On December 17, 2010, President Obama signed into law the “Tax Relief, Unemployment Insurance Reauthorization, and Job Creation Act of 2010 (2010 Tax Relief Act) (H.R. 4853),.  The new law retains Bush-era tax rates for all taxpayers; offers 13 months of extended benefits to the unemployed and attempts to stimulate the economy with a Social Security payroll tax cut for all workers.  Cost of this bill is estimated at $858 billion over two years.
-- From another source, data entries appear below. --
lemma qdiag_omega_powi_multiples_in_mgen:
  assumes "n > 0" "qdiag (omega n powi c) (omega n powi d) \<in> mgen S"
  shows "qdiag (omega n powi (c * k)) (omega n powi (d * k)) \<in> mgen S"
proof -
  have "qdiag (omega n powi (c * int m)) (omega n powi (d * int m)) \<in> mgen S" for m
  proof (induction m)
    case 0
    then show ?case using mgen.one by (simp add: mat_1_eq_qdiag)
  next
    case (Suc m)
    then show ?case
      using mgen_mult_closed[OF Suc assms(2)]
      by (simp add: qdiag_mult_qdiag mult_omega_powi algebra_simps)
  qed
  moreover have "k mod (2 * int n) = int (nat (k mod (2 * int n)))"
    using assms(1) by simp
  ultimately show ?thesis by (metis dic_mult_mod[OF assms(1)] dic_False)
qed

context divisor_pair
begin

lemma Mb_in_mgen: "c \<in> L \<Longrightarrow> Mb c \<in> mgen (Mb ` L)"
  by (intro mgen_generator imageI)

lemma antidiag_1_1_in_mgen: "antidiag 1 1 \<in> mgen (Mb ` L)"
  using Mb_in_mgen[OF refl_setI(1)[of 0]] by (simp add: Mb_eq_antidiag dic_0_False)

lemma qdiag_omega_a_in_mgen: "qdiag (omega n powi int a) (omega n powi (- int a)) \<in> mgen (Mb ` L)"
  and qdiag_omega_b_in_mgen: "qdiag (omega n powi int b) (omega n powi int b) \<in> mgen (Mb ` L)"
  and qdiag_j_in_mgen: "qdiag (dic n (int n) True) (dic n 0 True) \<in> mgen (Mb ` L)"
proof -
  show "qdiag (omega n powi int a) (omega n powi (- int a)) \<in> mgen (Mb ` L)"
    using mgen_mult_closed[OF Mb_in_mgen[OF refl_setI(1)[of 1]] antidiag_1_1_in_mgen]
    by (simp add: Mb_eq_antidiag antidiag_mult_antidiag inverse_dic[OF n_pos] dic_False
        power_int_minus)
  have "dic n (int b + int n + int n) False = dic n (int b) False"
    by (simp add: dic_eq_iff[OF n_pos])
  then show "qdiag (omega n powi int b) (omega n powi int b) \<in> mgen (Mb ` L)"
    using mgen_mult_closed[OF Mb_in_mgen[OF refl_setI(2)[of 1]] Mb_in_mgen[OF refl_setI(2)[of 0]]]
    by (simp add: Mb_eq_antidiag antidiag_mult_antidiag inverse_dic[OF n_pos] dic_mult[OF n_pos]
        dic_False)
  show "qdiag (dic n (int n) True) (dic n 0 True) \<in> mgen (Mb ` L)"
    using mgen_mult_closed[OF antidiag_1_1_in_mgen Mb_in_mgen[OF refl_setI(2)[of 0]]]
    by (simp add: Mb_eq_antidiag antidiag_mult_antidiag inverse_dic[OF n_pos])
qed

lemma qdiag_in_mgen: assumes "(p, q) \<in> \<Sigma>" shows "qdiag p q \<in> mgen (Mb ` L)"
proof -
  obtain x y e where pq: "(p, q) = diag_param n a b (x, y, e)"
    using assms diag_pairs_eq_range by (metis prod_cases3 rangeE)
  have xy: "qdiag (omega n powi (int a * x + int b * y)) (omega n powi (int b * y - int a * x))
      \<in> mgen (Mb ` L)"
    using mgen_mult_closed[OF qdiag_omega_powi_multiples_in_mgen[OF n_pos qdiag_omega_a_in_mgen, of x]
        qdiag_omega_powi_multiples_in_mgen[OF n_pos qdiag_omega_b_in_mgen, of y]]
    by (simp add: qdiag_mult_qdiag mult_omega_powi algebra_simps)
  show ?thesis
  proof (cases e)
    case True
    then show ?thesis
      using pq mgen_mult_closed[OF xy qdiag_j_in_mgen]
      by (simp add: diag_param_def qdiag_mult_qdiag dic_mult[OF n_pos] flip: dic_False)
  next
    case False
    then show ?thesis using pq xy by (simp add: diag_param_def dic_False)
  qed
qed

lemma monomial_group_subset_mgen: "G \<subseteq> mgen (Mb ` L)"
proof
  fix g assume "g \<in> G"
  then show "g \<in> mgen (Mb ` L)"
  proof (cases rule: monomial_groupE)
    case (2 p q)
    then show ?thesis
      using mgen_mult_closed[OF qdiag_in_mgen[OF 2(1)] antidiag_1_1_in_mgen]
      by (simp add: qdiag_mult_antidiag)
  qed (simp add: qdiag_in_mgen)
qed

lemma mgen_Mb_refl_set: "mgen (Mb ` L) = G"
proof
  show "mgen (Mb ` L) \<subseteq> G"
    by (rule mgen_subset_monomial_group) (auto simp: Mb_in_monomial_group_iff)
qed (rule monomial_group_subset_mgen)

end

section \<open>The group H_L\<close>

context divisor_pair
begin

abbreviation "H \<equiv> range (\<lambda>k. omega n powi (2 * int (lcm a b) * k))"

lemma lcm_dvd_n: "lcm a b dvd n"
  by (simp add: a_dvd_n b_dvd_n)

lemma two_a_two_b_dvd_iff: "2 * int a dvd u \<and> 2 * int b dvd u \<longleftrightarrow> 2 * int (lcm a b) dvd u"
proof -
  have "lcm (2 * int a) (2 * int b) = 2 * int (lcm a b)"
    by (simp add: lcm_mult_left)
  then show ?thesis by (metis lcm_least_iff)
qed

lemma diag_pairs_left_iff: "(h, 1) \<in> \<Sigma> \<longleftrightarrow> h \<in> H"
proof
  assume "(h, 1) \<in> \<Sigma>"
  then obtain u v e where uv: "h = dic n u e" "1 = dic n v e"
    "2 * int b dvd u + v - of_bool e * int n" "2 * int a dvd u - v - of_bool e * int n"
    by (rule diag_pairsE)
  from uv(2) have "\<not> e" "2 * int n dvd v"
    using dic_eq_iff[OF n_pos, of v e 0 False] by (simp_all add: dic_0_False)
  then have "2 * int a dvd v" "2 * int b dvd v"
    using two_a_dvd_two_n two_b_dvd_two_n dvd_trans by blast+
  moreover have "2 * int a dvd u - v" "2 * int b dvd u + v"
    using uv(3,4) \<open>\<not> e\<close> by simp_all
  ultimately have "2 * int a dvd u" "2 * int b dvd u"
    by (metis diff_add_cancel dvd_add, metis add_diff_cancel_right' dvd_diff)
  then obtain k where "u = 2 * int (lcm a b) * k"
    using two_a_two_b_dvd_iff by (metis dvdE)
  then show "h \<in> H" using uv(1) \<open>\<not> e\<close> by (simp add: dic_False)
next
  assume "h \<in> H"
  then obtain k where k: "h = omega n powi (2 * int (lcm a b) * k)" by blast
  have "2 * int a dvd 2 * int (lcm a b) * k" "2 * int b dvd 2 * int (lcm a b) * k"
    using two_a_two_b_dvd_iff by auto
  then show "(h, 1) \<in> \<Sigma>"
    using diag_pairsI[of "2 * int (lcm a b) * k" 0 False] k by (simp add: dic_False)
qed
Highlights from the 2010 Tax Relief Act:

Individuals

  • Bush-era tax cuts for all income levels remain in place through 2012
  • Capital Gains/Dividends rates remain in place through 2012
  • Itemized deductions/Personal exemptions remain as is through 2012
  • Individual Tax Credits extended through 2012 are as follows:
    • Child Tax Credit
    • Earned Income Tax Credit
    • Adoption Credit
    • Dependent Care Credit
    • American Opportunity Tax Credit
  • Alternative Minimum Tax Patch is provided for in 2010 and 2011
  • Payroll Tax Cut
    • Reduces the employee’s share of FICA tax withheld from their pay from 6.2% to 4.2%
    • Effective for calendar year 2011, for wages earned up to taxable wage base of $106,800
  • Extension of unemployment benefits for next 13 months through December 31, 2011
  • Estate Tax Relief with maximum tax rate of 35% and exclusion amount of $5 million

Business Incentives

  • Bonus Depreciation
    • 100% for qualified investments made after September 8, 2010 and before January 1, 2012
    • 50% for qualified investments made after December 31, 2011 and before January 1, 2013
    • Alternatively, in lieu of bonus depreciation, corporation may elect to claim additional research or minimum tax credits, which will be refundable in 2011 and 2012
  • Small Business Stock Gain Exclusion extended through December 31, 2011
  • Work Opportunity Tax Credit is extended through December 31, 2011
  • Business Extenders (renewed retroactively from January 1, 2010 through December 31, 2011)
    • Research Tax Credit
    • Indian Employment Credit 
    • New Markets Credit
    • Empowerment Zones
    • District of Columbia Tax Incentives
  • A number of the Energy Incentives are extended for one or two years
  • A number of the Disaster Incentives are extended for one or two years

Notable Omissions from the 2010 Tax Relief Act:

A number of key tax incentives and/or categories of key tax incentives were excluded from the 2010 Tax Relief Act.  CCG is highlighting these omissions due to the crucial benefit they provide to our communities; the companies in these communities; and the jobs that our clients create in these communities.  Coalitions will be forming to begin lobbying Congress to extend these programs, as Congress did for the other similar incentives within this Act due to their job creation influence.  The key tax incentives and/or categories are as follows:

  • Renewal Community Zones
    • Expired on December 31, 2009, and very similar to the Federal Empowerment Zone Program which was retroactively extended through December 31, 2011
  • Work Opportunity Tax Credit Program – Categories
    • Katrina – expired on August 28, 2009; proposals were to extend to August 28, 2010
    • Unemployed Veteran and Disconnected Youth – expires on December 31, 2010; proposals were to extend to December 31, 2011

CCG monitors all state and federal legislation, and issues Tax Alerts as necessary to keep you up to date.  Please visit www.ccg.com, and click on our “News” section for up to date information.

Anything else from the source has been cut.